Data analytics firm Verisk has terminated its planned $2.35bn acquisition of roofing software provider AccuLynx, citing delays in U.S. regulatory review. The decision draws a hard line under a deal that stalled longer than expected.
Verisk said the move followed notice from the Federal Trade Commission that it had not completed its review by the agreed termination date of Dec. 26. When it passed, the option to walk became real.
AccuLynx disputes the outcome. The company has told Verisk it considers the termination invalid. Verisk isn’t buying that argument and says it strongly disagrees, adding it will vigorously defend its position if challenged. This part may not end quietly.
Analysts are already looking past the deal. According to Raymond James, the collapse could free up capacity for higher share repurchases at Verisk in 2026.
Capital that had been earmarked for growth may now circle back to shareholders. Maybe sooner than expected.
Verisk announced the AccuLynx acquisition in July, pitching it as a strategic add-on to its claims and insurance solutions footprint. Management initially targeted a close by Q3 2025.
That timeline slipped after the FTC stepped in.
In October, the agency requested additional information from both companies, signaling a deeper antitrust review and pushing the transaction into regulatory limbo.
At the time, Verisk executives said discussions were progressing and approval remained achievable. Confidence, at least publicly, held.
The company later extended the termination date to Dec. 26. When the review still wasn’t finished by then, Verisk pulled the plug.
An incomplete regulatory process after a hard deadline tends to force an unpleasant choice: dig in for a legal battle that could drag on for years, or walk away. Verisk chose the latter.
Neither AccuLynx nor the FTC immediately responded to requests for comment.
Founded in 2008, AccuLynx develops software used by roofing contractors to manage projects, crews, and back-office workflows. The platform has built a strong niche following, especially among small and mid-sized contractors.
With the transaction off, Verisk says it plans to redeem $1.5 bn of debt issued in anticipation of the acquisition. Balance sheet cleanup comes next.
The Company also announced that it will redeem the $1.50 bn aggregate principal amount of senior notes that were issued in connection with the planned acquisition for a price equal to 101% of their principal amount plus accrued and unpaid interest to the redemption date.

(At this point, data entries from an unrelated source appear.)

section \<open>Binomial sums\<close>

lemma sum_Pow_card:
  fixes h :: "nat \<Rightarrow> 'a::comm_semiring_1"
  assumes "finite K"
  shows "(\<Sum>X\<in>Pow K. h (card X)) = (\<Sum>j\<le>card K. of_nat (card K choose j) * h j)"
proof -
  have "(\<Sum>X\<in>Pow K. h (card X)) = (\<Sum>j\<le>card K. \<Sum>X | X \<in> Pow K \<and> card X = j. h (card X))"
    using assms card_mono[OF assms] by (intro sum.group[symmetric]) auto
  also have "\<dots> = (\<Sum>j\<le>card K. of_nat (card K choose j) * h j)"
    using n_subsets[OF assms] by (simp add: Pow_def conj_commute)
  finally show ?thesis .
qed

lemma choose_ratio_step:
  assumes "j < N" "j < M"
  shows "real (N - j) * (real (N choose j) / real (M choose j)) =
    real (M - j) * (real (N choose Suc j) / real (M choose Suc j))"
proof -
  have step: "real (n - j) * real (n choose j) = real (Suc j) * real (n choose Suc j)" for n
    using binomial_absorb_comp[of n j] binomial_absorption[of j n] by (metis of_nat_mult)
  have "real (N - j) * real (N choose j) * real (M choose Suc j) =
      real (Suc j) * real (N choose Suc j) * real (M choose Suc j)"
    by (simp only: step)
  also have "\<dots> = real (N choose Suc j) * (real (Suc j) * real (M choose Suc j))"
    by (simp only: ac_simps)
  also have "\<dots> = real (N choose Suc j) * (real (M - j) * real (M choose j))"
    by (simp only: step)
  finally show ?thesis
    using assms by (simp add: field_simps)
qed

lemma alternating_sum_choose_diff:
  assumes "k \<le> N" "k \<le> M - N"
  shows "(\<Sum>j\<le>k. (-1) ^ j * real (k choose j) * real ((M - j) choose (N - j))) =
    real ((M - k) choose N)"
  using assms
proof (induction k arbitrary: M N)
  case 0
  then show ?case by simp
next
  case (Suc k)
  obtain N' M' where N: "N = Suc N'" and M: "M = Suc M'"
    using Suc.prems by (cases N; cases M) auto
  define X where "X j = real ((M - j) choose (N - j))" for j
  have X_Suc: "X (Suc j) = real ((M' - j) choose (N' - j))" for j
    by (simp add: X_def M N)
  have "(\<Sum>j\<le>Suc k. (-1) ^ j * real (Suc k choose j) * X j) =
      (\<Sum>j\<le>Suc k. (-1) ^ j * real (k choose j) * X j) -
      (\<Sum>j\<le>k. (-1) ^ j * real (k choose j) * X (Suc j))"
    by (simp add: sum.atMost_Suc_shift sum.distrib sum_subtractf sum_negf algebra_simps
        del: sum.atMost_Suc)
  also have "(\<Sum>j\<le>Suc k. (-1) ^ j * real (k choose j) * X j) = real ((M - k) choose N)"
    using Suc.IH[of N M] Suc.prems by (simp add: X_def)
  also have "(\<Sum>j\<le>k. (-1) ^ j * real (k choose j) * X (Suc j)) = real ((M' - k) choose N')"
    using Suc.IH[of N' M'] Suc.prems by (simp add: X_Suc M N)
  also have "real ((M - k) choose N) - real ((M' - k) choose N') = real ((M - Suc k) choose N)"
    using Suc.prems by (simp add: M N Suc_diff_le)
  finally show ?case by (simp add: X_def)
qed
(* Let $(S,d)$ be a complete metric space with a Hausdorff topology $\sigma$ compatible with $d$, and let $\phi,\phi_\epsilon:S\to(-\infty,+\infty]$ ($\epsilon>0$) have nonempty effective domains. Suppose there exist $A,B>0$, $u_\star\in S$ with $\phi_\epsilon(\cdot)\ge-A-Bd^2(\cdot,u_\star)$ for all $\epsilon>0$; that each $\phi_\epsilon$ satisfies (i) $\sup_{n,m}d(u_n,u_m)<+\infty$, $u_n\stackrel{\sigma}{\rightharpoonup}u$ $\Rightarrow$ $\liminf_n\phi_\epsilon(u_n)\ge\phi_\epsilon(u)$, and (ii) $\sup_{n,m}\{d(u_n,u_m),\phi_\epsilon(u_n)\}<+\infty$ $\Rightarrow$ some subsequence of $(u_n)$ $\sigma$-converges in $S$; and that the local slopes satisfy: whenever $\epsilon_n\to0$ and $u_n\stackrel{\sigma}{\rightharpoonup}u$, $\liminf_n|\partial\phi_{\epsilon_n}|(u_n)\ge|\partial\phi|(u)$. Then for every choice $\epsilon(\tau)>0$ with $\epsilon(\tau)\to0$ as $\tau\to0$: for all $u,u_\tau\in S$ with $u_\tau\stackrel{\sigma}{\rightharpoonup}u$ and $\sup_\tau\{\phi_{\epsilon(\tau)}(u_\tau),d(u_\tau,u)\}<+\infty$, $$\liminf_{\tau\to0}\frac{\phi_{\epsilon(\tau)}(u_\tau)-\mathcal{Y}_\tau\phi_{\epsilon(\tau)}(u_\tau)}{\tau}\ge\frac12|\partial^-\phi|^2(u).$$
   Context: $\sigma$ compatible with $d$: if $u_n\stackrel{\sigma}{\rightharpoonup}u$, $v_n\stackrel{\sigma}{\rightharpoonup}v$ then $\liminf_n d(u_n,v_n)\ge d(u,v)$; if $d(u_n,v_n)\to0$ and $u_n\stackrel{\sigma}{\rightharpoonup}u$ then $v_n\stackrel{\sigma}{\rightharpoonup}u$. Local slope $|\partial f|(v)=\limsup_{w\stackrel{d}{\to}v}\frac{(f(v)-f(w))^+}{d(v,w)}$ for $f(v)<\infty$; relaxed slope $|\partial^-f|(u)=\inf\{\liminf_n|\partial f|(u_n): u_n\stackrel{\sigma}{\rightharpoonup}u,\ \sup_n\{d(u_n,u),f(u_n)\}<+\infty\}$; $\mathcal{Y}_\tau f(u)=\inf_{v\in S}\{f(v)+\frac1{2\tau}d^2(v,u)\}$. *)

theory Defs
  imports "HOL-Analysis.Analysis"
begin
(* For every $\epsilon>0$ there is a randomized distributed algorithm in the CONGEST model which, on any directed graph with positive edge weights, outputs a directed cut whose expected weight is at least $(1/2-\epsilon)$ times the maximum directed cut weight, and runs in $O(\epsilon^{-1})$ communication rounds.
   Context: Weighted Max-DiCut: partition $V$ into $A,B$ (each vertex outputs its side) to maximize the total weight of edges directed from $A$ to $B$. CONGEST: the network is the underlying graph, synchronous rounds, $O(\log n)$-bit messages per edge per round. *)

theory Defs
  imports "HOL-Probability.Probability"
begin

text \<open>A weighted digraph on the finite vertex set V (vertex IDs are naturals).
  w u v > 0 means there is a directed edge u to v of (positive) weight w u v;
  w u v = 0 means there is no such edge.\<close>

definition wdigraph :: "nat set \<Rightarrow> (nat \<Rightarrow> nat \<Rightarrow> real) \<Rightarrow> bool" where
  "wdigraph V w \<longleftrightarrow> finite V \<and> (\<forall>u v. 0 \<le> w u v) \<and>
     (\<forall>u v. w u v \<noteq> 0 \<longrightarrow> u \<in> V \<and> v \<in> V \<and> u \<noteq> v)"

definition dicut_weight :: "nat set \<Rightarrow> (nat \<Rightarrow> nat \<Rightarrow> real) \<Rightarrow> nat set \<Rightarrow> real" where
  "dicut_weight V w A = (\<Sum>u\<in>A. \<Sum>v\<in>V - A. w u v)"

definition max_dicut :: "nat set \<Rightarrow> (nat \<Rightarrow> nat \<Rightarrow> real) \<Rightarrow> real" where
  "max_dicut V w = Max (dicut_weight V w ` Pow V)"
section \<open>Injective piecewise translations of \<open>[-1, 1)\<close>\<close>

lemma compact_sequence_close_pair:
  fixes a :: "nat \<Rightarrow> 'm::metric_space"
  assumes "compact S" "\<And>n. a n \<in> S" "0 < \<delta>"
  obtains i j where "i < j" "dist (a i) (a j) < \<delta>"
proof -
  obtain l r where r: "strict_mono r" "(a \<circ> r) \<longlonglongrightarrow> l"
    using compact_imp_seq_compact[OF assms(1)] assms(2) unfolding seq_compact_def by metis
  then have "Cauchy (a \<circ> r)" by (simp add: LIMSEQ_imp_Cauchy)
  then obtain M where "\<forall>m\<ge>M. \<forall>n\<ge>M. dist ((a \<circ> r) m) ((a \<circ> r) n) < \<delta>"
    using assms(3) unfolding Cauchy_def by blast
  then show thesis
    using that[of "r M" "r (Suc M)"] r(1) by (simp add: strict_mono_def)
qed

lemma finite_left_neighbour:
  fixes A :: "real set"
  assumes "finite A" "c \<in> A" "c \<le> v"
  obtains a where "a \<in> A" "a \<le> v" "\<And>x. x \<in> A \<Longrightarrow> a < x \<Longrightarrow> v < x"
proof -
  define a where "a = Max {x \<in> A. x \<le> v}"
  have "finite {x \<in> A. x \<le> v}" "c \<in> {x \<in> A. x \<le> v}" using assms by auto
  then have "a \<in> {x \<in> A. x \<le> v}" unfolding a_def by (intro Max_in) auto
  moreover have "x \<le> a" if "x \<in> A" "x \<le> v" for x
    unfolding a_def using \<open>finite {x \<in> A. x \<le> v}\<close> that by (intro Max_ge) auto
  ultimately show thesis using that[of a] by force
qed
(* Let $G$ be a finite group, let $T$ be a $G$-Tambara functor, and let $k$ be an integer (viewed as an element of each ring $T(G/H)$ via the unique ring homomorphism $\mathbb{Z} \to T(G/H)$). The following are equivalent: (1) $k$ is a unit in $T(G/G)$; (2) $k$ is a unit in $T(G/H)$ for every subgroup $H \leq G$; (3) $k$ is a unit in $T(G/e)$, where $e$ is the trivial subgroup.
   Context: For a finite group $G$, a $G$-Tambara functor $T$ (in the sense of Tambara) consists of a commutative ring $T(G/H)$ for each subgroup $H \leq G$, together with, for each inclusion $H \leq K$ of subgroups, a ring homomorphism $\mathrm{res}^K_H : T(G/K) \to T(G/H)$ (restriction), an additive group homomorphism $\mathrm{tr}^K_H : T(G/H) \to T(G/K)$ (transfer), and a multiplicative monoid homomorphism $\mathrm{nm}^K_H : T(G/H) \to T(G/K)$ (norm), and, for each $g \in G$ and $H \leq G$, a ring isomorphism $c_{g,H} : T(G/H) \to T(G/gHg^{-1})$ (conjugation), satisfying the standard Tambara functor axioms (equivalently, $T$ is a product-preserving functor from Tambara's category of bispans of finite $G$-sets to sets, with $T(G/H)$ its value on the orbit $G/H$). *)

theory Defs
  imports "HOL-Algebra.Algebra" "HOL-Library.FuncSet"
begin
(* Let $c\ge 0$ be a budget. Consider the primal problem $$\max_{w,\lambda_2,\mu}\ \lambda_2\quad\text{s.t.}\quad \sum_{\{i,j\}\in E_3}w_{ij}L_{ij}+L_0+\mu\boldsymbol e\boldsymbol e^T-\lambda_2 I\succeq 0,\ \ \sum_{\{i,j\}\in E_3}w_{ij}=c,\ \ w_{ij}\ge 0,$$ and the dual problem $$\max_{\xi\in\mathbb{R},\,X\in\mathbb{R}^{n\times n}}\ c\xi-\langle X,L_0\rangle\quad\text{s.t.}\quad \langle X,I\rangle=1,\ \ \langle X,\boldsymbol e\boldsymbol e^T\rangle=0,\ \ \langle X,L_{ij}\rangle\le-\xi\ \ \forall\{i,j\}\in E_3,\ \ X\succeq 0.$$ Then strong duality holds (the two optimal values are equal and finite), and the dual problem attains its optimal value.
   Context: A multiplex network consists of two layers $G_1=(V_1,E_1)$ and $G_2=(V_2,E_2)$, simple undirected graphs with $|V_1|=|V_2|=N$; the vertices of $G_1$ are numbered $1,\dots,N$ and those of $G_2$ are numbered $N+1,\dots,2N$, and $n=2N$. The interlayer edges form the perfect matching $E_3=\{\{i,N+i\}:i=1,\dots,N\}$, carrying nonnegative weights $w_{ij}$. For an edge $\{i,j\}$ let $L_{ij}=(\delta_i-\delta_j)(\delta_i-\delta_j)^T$, $\delta_i$ the $i$-th standard basis vector of $\mathbb{R}^n$. $L_0=\sum_{\{i,j\}\in E_1\cup E_2}L_{ij}$. $\boldsymbol e$ is the all-ones vector in $\mathbb{R}^n$, $\langle A,B\rangle=\operatorname{Tr}(A^TB)$. *)

theory Defs
  imports Complex_Main
begin

text \<open>Real n-by-n matrices are represented as functions nat => nat => real,
  indexed by 1..n (only entries with indices in 1..n are relevant).\<close>

definition delta :: "nat \<Rightarrow> nat \<Rightarrow> real" where
  "delta i a = (if a = i then 1 else 0)"

definition Lij :: "nat \<Rightarrow> nat \<Rightarrow> nat \<Rightarrow> nat \<Rightarrow> real" where
  "Lij i j = (\<lambda>a b. (delta i a - delta j a) * (delta i b - delta j b))"

text \<open>Undirected edges {i,j} are stored as pairs (i,j) with i < j.\<close>
definition L0 :: "(nat \<times> nat) set \<Rightarrow> (nat \<times> nat) set \<Rightarrow> nat \<Rightarrow> nat \<Rightarrow> real" where
  "L0 E1 E2 = (\<lambda>a b. \<Sum>(i, j)\<in>E1 \<union> E2. Lij i j a b)"

definition ones_mat :: "nat \<Rightarrow> nat \<Rightarrow> real" where
  "ones_mat = (\<lambda>a b. 1)"

definition id_mat :: "nat \<Rightarrow> nat \<Rightarrow> real" where
  "id_mat = (\<lambda>a b. if a = b then 1 else 0)"

definition inner_mat :: "nat \<Rightarrow> (nat \<Rightarrow> nat \<Rightarrow> real) \<Rightarrow> (nat \<Rightarrow> nat \<Rightarrow> real) \<Rightarrow> real" where
  "inner_mat n A B = (\<Sum>a\<in>{1..n}. \<Sum>b\<in>{1..n}. A a b * B a b)"

definition psd :: "nat \<Rightarrow> (nat \<Rightarrow> nat \<Rightarrow> real) \<Rightarrow> bool" where
  "psd n A \<longleftrightarrow> (\<forall>a\<in>{1..n}. \<forall>b\<in>{1..n}. A a b = A b a) \<and>
     (\<forall>x :: nat \<Rightarrow> real. 0 \<le> (\<Sum>a\<in>{1..n}. \<Sum>b\<in>{1..n}. x a * A a b * x b))"

text \<open>Primal feasibility; w i is the weight of the interlayer edge {i, N+i}.\<close>
definition primal_feasible ::
  "nat \<Rightarrow> (nat \<times> nat) set \<Rightarrow> (nat \<times> nat) set \<Rightarrow> real \<Rightarrow> (nat \<Rightarrow> real) \<Rightarrow> real \<Rightarrow> real \<Rightarrow> bool" where
  "primal_feasible N E1 E2 c w lam mu \<longleftrightarrow>
     psd (2 * N) (\<lambda>a b. (\<Sum>i\<in>{1..N}. w i * Lij i (N + i) a b) + L0 E1 E2 a b
                        + mu * ones_mat a b - lam * id_mat a b) \<and>
     (\<Sum>i\<in>{1..N}. w i) = c \<and> (\<forall>i\<in>{1..N}. 0 \<le> w i)"

definition dual_feasible ::
  "nat \<Rightarrow> real \<Rightarrow> (nat \<Rightarrow> nat \<Rightarrow> real) \<Rightarrow> bool" where
  "dual_feasible N xi X \<longleftrightarrow>
     inner_mat (2 * N) X id_mat = 1 \<and> inner_mat (2 * N) X ones_mat = 0 \<and>
     (\<forall>i\<in>{1..N}. inner_mat (2 * N) X (Lij i (N + i)) \<le> - xi) \<and> psd (2 * N) X"

definition dual_obj ::
  "nat \<Rightarrow> (nat \<times> nat) set \<Rightarrow> (nat \<times> nat) set \<Rightarrow> real \<Rightarrow> real \<Rightarrow> (nat \<Rightarrow> nat \<Rightarrow> real) \<Rightarrow> real" where
  "dual_obj N E1 E2 c xi X = c * xi - inner_mat (2 * N) X (L0 E1 E2)"

end

theory Submission
  imports Defs "HOL-Analysis.Analysis"
begin

text \<open>Weak duality is \<open>\<langle>X, M\<rangle> \<ge> 0\<close> for positive semidefinite \<open>X\<close> and \<open>M\<close>, obtained
  by peeling rank-one pieces off \<open>X\<close> with symmetric Gaussian elimination.

  For the converse write \<open>L\<^sub>i\<close> for the interlayer Laplacian \<open>Lij i (N + i)\<close>. The dual
  matrices \<open>X\<close> form a compact convex set \<open>K\<close>, and optimising the dual objective over \<open>\<xi>\<close>
  turns it into \<open>-h(X)\<close> with \<open>h(X) = \<langle>X, L\<^sub>0\<rangle> + c max\<^sub>i \<langle>X, L\<^sub>i\<rangle>\<close> continuous; so \<open>h\<close>
  attains its minimum \<open>p\<close> on \<open>K\<close>, giving an optimal dual solution of value \<open>-p\<close>. Since \<open>h\<close>
  is a maximum of finitely many affine functions, a minimax argument gives, for each
  \<open>\<epsilon> > 0\<close>, weights \<open>a\<^sub>i \<ge> 0\<close> summing to 1 with \<open>\<langle>X, L\<^sub>0 + c \<Sum> a\<^sub>i L\<^sub>i\<rangle> \<ge> p - \<epsilon>\<close> on \<open>K\<close>.
  Taking \<open>X = y y\<^sup>T / |y|\<^sup>2\<close> shows that the weighted Laplacian \<open>L\<^sub>w\<close>, \<open>w = c a\<close>, has Rayleigh
  quotient at least \<open>\<lambda> = p - \<epsilon>\<close> on vectors orthogonal to \<open>e\<close>; as \<open>L\<^sub>w e = 0\<close>, the matrix
  \<open>L\<^sub>w + |\<lambda>| e e\<^sup>T - \<lambda> I\<close> is positive semidefinite, so \<open>\<lambda>\<close> is primal feasible.\<close>

lemma sum_delta_mult: "finite S \<Longrightarrow> k \<in> S \<Longrightarrow> (\<Sum>a\<in>S. delta k a * f a) = f k"
  by (simp add: delta_def if_distrib[of "\<lambda>u. u * _"] cong: if_cong)

lemma sum_mult_delta: "finite S \<Longrightarrow> k \<in> S \<Longrightarrow> (\<Sum>a\<in>S. f a * delta k a) = f k"
  by (simp add: delta_def if_distrib[of "\<lambda>u. _ * u"] cong: if_cong)

definition quad_form :: "nat set \<Rightarrow> (nat \<Rightarrow> nat \<Rightarrow> real) \<Rightarrow> (nat \<Rightarrow> real) \<Rightarrow> real" where
  "quad_form S A x = (\<Sum>a\<in>S. \<Sum>b\<in>S. x a * A a b * x b)"

definition psd_on :: "nat set \<Rightarrow> (nat \<Rightarrow> nat \<Rightarrow> real) \<Rightarrow> bool" where
  "psd_on S A \<longleftrightarrow> (\<forall>a\<in>S. \<forall>b\<in>S. A a b = A b a) \<and> (\<forall>x. 0 \<le> quad_form S A x)"
text \<open>
  For \<open>\<beta> = (\<delta>, ..., \<delta>)\<close> the series \<open>phi\<close> is a product of geometric series: with \<open>q = exp(\<delta> z)\<close>
  and \<open>u = exp(t \<delta> z)\<close> one gets \<open>phi(0^k; \<delta>^k) = (\<Prod>j=1..k. u q^j / (1 - q^j))\<close>, the k-th
  elementary symmetric function \<open>e_k\<close> of the alphabet \<open>u q, u q^2, ...\<close>. By Newton's identities,
  \<open>G(X) = \<Sum>k. e_k X^k\<close> satisfies \<open>G' = G H\<close> with \<open>H = \<Sum>n. (-1)^n p_(n+1) X^n\<close>, and the power
  sums \<open>p_n = u^n q^n / (1 - q^n)\<close> have at most a simple pole at \<open>z = 0\<close> and constant term
  \<open>s = -(t + 1/2)\<close>. Integrating the polar and the regular part of \<open>H\<close> separately gives the
  Birkhoff factorisation \<open>G \<Phi>_- = \<Phi>_+\<close>, where the coefficients of \<open>\<Phi>_-\<close> are purely polar and
  those of \<open>\<Phi>_+\<close> are regular; the recursion defining \<open>phi_-\<close> and \<open>phi_+\<close> is the
  coefficientwise form of this factorisation. At \<open>z = 0\<close> the equation \<open>\<Phi>_+' = \<Phi>_+ H_reg\<close>
  becomes \<open>C' = C s / (1 + X)\<close>, so \<open>C = (1 + X)^s\<close> and \<open>M_(0^k) = s gchoose k\<close>.
\<close>

section \<open>Strictly increasing index tuples\<close>

lemma has_sum_mult_product:
  fixes f :: "'i \<Rightarrow> 'a::{real_normed_field, banach}" and g :: "'j \<Rightarrow> 'a"
  assumes f: "(f has_sum S) A" and g: "(g has_sum T) B"
    and f_abs: "(\<lambda>x. norm (f x)) summable_on A" and g_abs: "(\<lambda>y. norm (g y)) summable_on B"
  shows "((\<lambda>(x, y). f x * g y) has_sum (S * T)) (A \<times> B)"
proof (rule has_sum_SigmaI)
  show "((\<lambda>y. case (x, y) of (x, y) \<Rightarrow> f x * g y) has_sum f x * T) B" for x
    using has_sum_cmult_right[OF g] by simp
  show "((\<lambda>x. f x * T) has_sum S * T) A"
    by (rule has_sum_cmult_left[OF f])
  define C where "C = (\<Sum>\<^sub>\<infinity>y\<in>B. norm (g y))"
  have "C \<ge> 0"
    unfolding C_def by (intro infsum_nonneg) auto
  have "(\<lambda>p. norm (case p of (x, y) \<Rightarrow> f x * g y)) summable_on A \<times> B"
  proof (subst Infinite_Sum.abs_summable_on_Sigma_iff, intro conjI ballI)
    show "(\<lambda>y. norm (case (x, y) of (x, y) \<Rightarrow> f x * g y)) summable_on B" for x
      using summable_on_cmult_right[OF g_abs, of "norm (f x)"] by (simp add: norm_mult)
    have "norm (\<Sum>\<^sub>\<infinity>y\<in>B. norm (case (x, y) of (x, y) \<Rightarrow> f x * g y)) = C * norm (f x)" for x
      using \<open>C \<ge> 0\<close> by (simp add: norm_mult infsum_cmult_right' C_def)
    then show "(\<lambda>x. norm (\<Sum>\<^sub>\<infinity>y\<in>B. norm (case (x, y) of (x, y) \<Rightarrow> f x * g y))) summable_on A"
      using summable_on_cmult_right[OF f_abs, of C] by simp
  qed
  then show "(\<lambda>(x, y). f x * g y) summable_on A \<times> B"
    by (rule abs_summable_summable)
qed

definition shift_cons :: "nat \<times> nat list \<Rightarrow> nat list" where
  "shift_cons p = fst p # map (\<lambda>i. i + fst p) (snd p)"

lemma inj_shift_cons: "inj shift_cons"
  by (auto simp: inj_def shift_cons_def inj_map_eq_map[of "\<lambda>i. i + _", OF inj_onI] prod_eq_iff)

lemma sum_list_shift_cons: "sum_list (shift_cons (a, is)) = Suc (length is) * a + sum_list is"
  by (induction "is") (auto simp: shift_cons_def)

lemma idx_tuples_0: "idx_tuples 0 = {[]}"
  by (auto simp: idx_tuples_def)

lemma idx_tuples_Suc: "idx_tuples (Suc k) = shift_cons ` ({1..} \<times> idx_tuples k)"
proof
  show "shift_cons ` ({1..} \<times> idx_tuples k) \<subseteq> idx_tuples (Suc k)"
    by (auto simp: shift_cons_def idx_tuples_def sorted_wrt_map)
  show "idx_tuples (Suc k) \<subseteq> shift_cons ` ({1..} \<times> idx_tuples k)"
  proof
    fix xs assume "xs \<in> idx_tuples (Suc k)"
    then obtain a ys where xs: "xs = a # ys" and a: "a \<ge> 1" and ys: "length ys = k"
       "sorted_wrt (<) ys" "\<forall>y\<in>set ys. a < y"
      by (cases xs) (auto simp: idx_tuples_def)
    define zs where "zs = map (\<lambda>i. i - a) ys"
    have "zs \<in> idx_tuples k"
      using ys by (auto simp: zs_def idx_tuples_def sorted_wrt_map intro!: sorted_wrt_mono_rel[of ys "(<)"])
    moreover have "map (\<lambda>i. i + a) zs = ys"
      using ys(3) by (auto simp: zs_def intro!: map_idI)
    ultimately show "xs \<in> shift_cons ` ({1..} \<times> idx_tuples k)"
      using a xs by (auto simp: shift_cons_def image_iff intro!: bexI[of _ "(a, zs)"])
  qed
qed
(* Let $S$ be a set of Boolean relations such that (i) every relation in $S$ is bijunctive, (ii) $S$ contains a relation which is not $\mathsf{F}$-valid, (iii) $S$ contains a relation which is not $\mathsf{T}$-valid, and (iv) $[x \neq y] \in Rep_{NC}(S)$. Then one of the following holds: (a) $Rep_{NC}(S)$ contains all bijunctive relations; (b) $S \subseteq Rep_{NC}(\{[x],[x\neq y]\})$.
   Context: $\mathbb{B} = \{\mathsf{F},\mathsf{T}\}$; $[\varphi]$ is the relation of tuples satisfying $\varphi$; $[x] = \{\mathsf{T}\}$. A relation is bijunctive if it is $[\varphi]$ for a conjunction $\varphi$ of clauses with at most 2 literals; $i$-valid if $(i,\dots,i)\in R$. For a set $S$ of relations, $Rep_{NC}(S)$ is the set of relations $[\theta]$ for $\theta$ of the form $(\exists \vec x)\bigwedge_{i<n} R_i(\vec x,\vec y)$ with $R_i\in S$ (existentially quantified finite conjunctions of atoms from $S$, without constants). *)

theory Defs
  imports Main
begin

text \<open>A Boolean relation is given by its arity n together with a set of tuples
  (bool lists); False plays the role of F and True of T.\<close>
type_synonym brel = "nat \<times> bool list set"

definition wf_rel :: "brel \<Rightarrow> bool" where
  "wf_rel R \<longleftrightarrow> (\<forall>t\<in>snd R. length t = fst R)"

definition valid :: "bool \<Rightarrow> brel \<Rightarrow> bool" where
  "valid i R \<longleftrightarrow> replicate (fst R) i \<in> snd R"

text \<open>A literal is (variable index, polarity); a clause is a list of literals
  (satisfied if some literal holds); a formula is a list of clauses (conjunction).\<close>
type_synonym literal = "nat \<times> bool"
type_synonym clause = "literal list"

definition sat_clause :: "bool list \<Rightarrow> clause \<Rightarrow> bool" where
  "sat_clause t c \<longleftrightarrow> (\<exists>(i, b)\<in>set c. t ! i = b)"
lemma sum_char_lattice_points:
  "(\<Sum>j<n. \<Sum>P\<in>SymG. cis (2 * pi * (real j * real_of_int (int_dot {1..d} (k \<circ> P) z) / real n))
      * cis (2 * pi * dotp d (k \<circ> P) \<Delta>)) = of_nat n * of_nat (card SymG) * avg_char k \<Delta>"
proof -
  have "(\<Sum>j<n. \<Sum>P\<in>SymG. cis (2 * pi * (real j * real_of_int (int_dot {1..d} (k \<circ> P) z) / real n))
      * cis (2 * pi * dotp d (k \<circ> P) \<Delta>))
      = (\<Sum>P\<in>SymG. cis (2 * pi * dotp d (k \<circ> P) \<Delta>) *
         (\<Sum>j<n. cis (2 * pi * (real j * real_of_int (int_dot {1..d} (k \<circ> P) z) / real n))))"
    by (subst sum.swap) (simp add: sum_distrib_left mult_ac)
  also have "\<dots> = (\<Sum>P\<in>SymG. cis (2 * pi * dotp d (k \<circ> P) \<Delta>) *
      (if int n dvd int_dot {1..d} (k \<circ> P) z then of_nat n else 0))"
    by (simp only: sum_roots_of_unity[OF n_pos])
  also have "\<dots> = of_nat n * (\<Sum>P\<in>SymG. if dual_perm k P then cis (2 * pi * dotp d (k \<circ> P) \<Delta>) else 0)"
    unfolding sum_distrib_left by (rule sum.cong) (auto simp: dual_perm_def)
  finally show ?thesis using card_SymG_pos by (simp add: avg_char_def)
qed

The redemption is required pursuant to a special mandatory redemption provision in the terms of the notes. Pro forma for the redemption of the notes, Verisk’s leverage at September 30, 2025 would have been 1.9 times LTM adjusted EBITDA. As of September 30, 2025, Verisk had $1.2 bn of capacity remaining under its share repurchase authorization.
Lee Shavel, president and CEO of Verisk, stated, “Verisk remains committed to our capital allocation discipline – balancing organic investment in our highest return on capital opportunities while returning capital to shareholders through dividend and repurchases”.
We continue to have confidence in our ability to deliver results in line with our long-term growth targets for this year, for 2026 and beyond.
Lee Shavel, president and CEO of Verisk
AccuLynx has notified Verisk that it believes Verisk’s termination of the merger agreement is invalid. Verisk strongly disagrees with this assertion and intends to vigorously defend against any such assertions.
According to Beinsure, the episode highlights how regulatory timing risk, not valuation or strategy, can still sink deals that look straightforward on paper.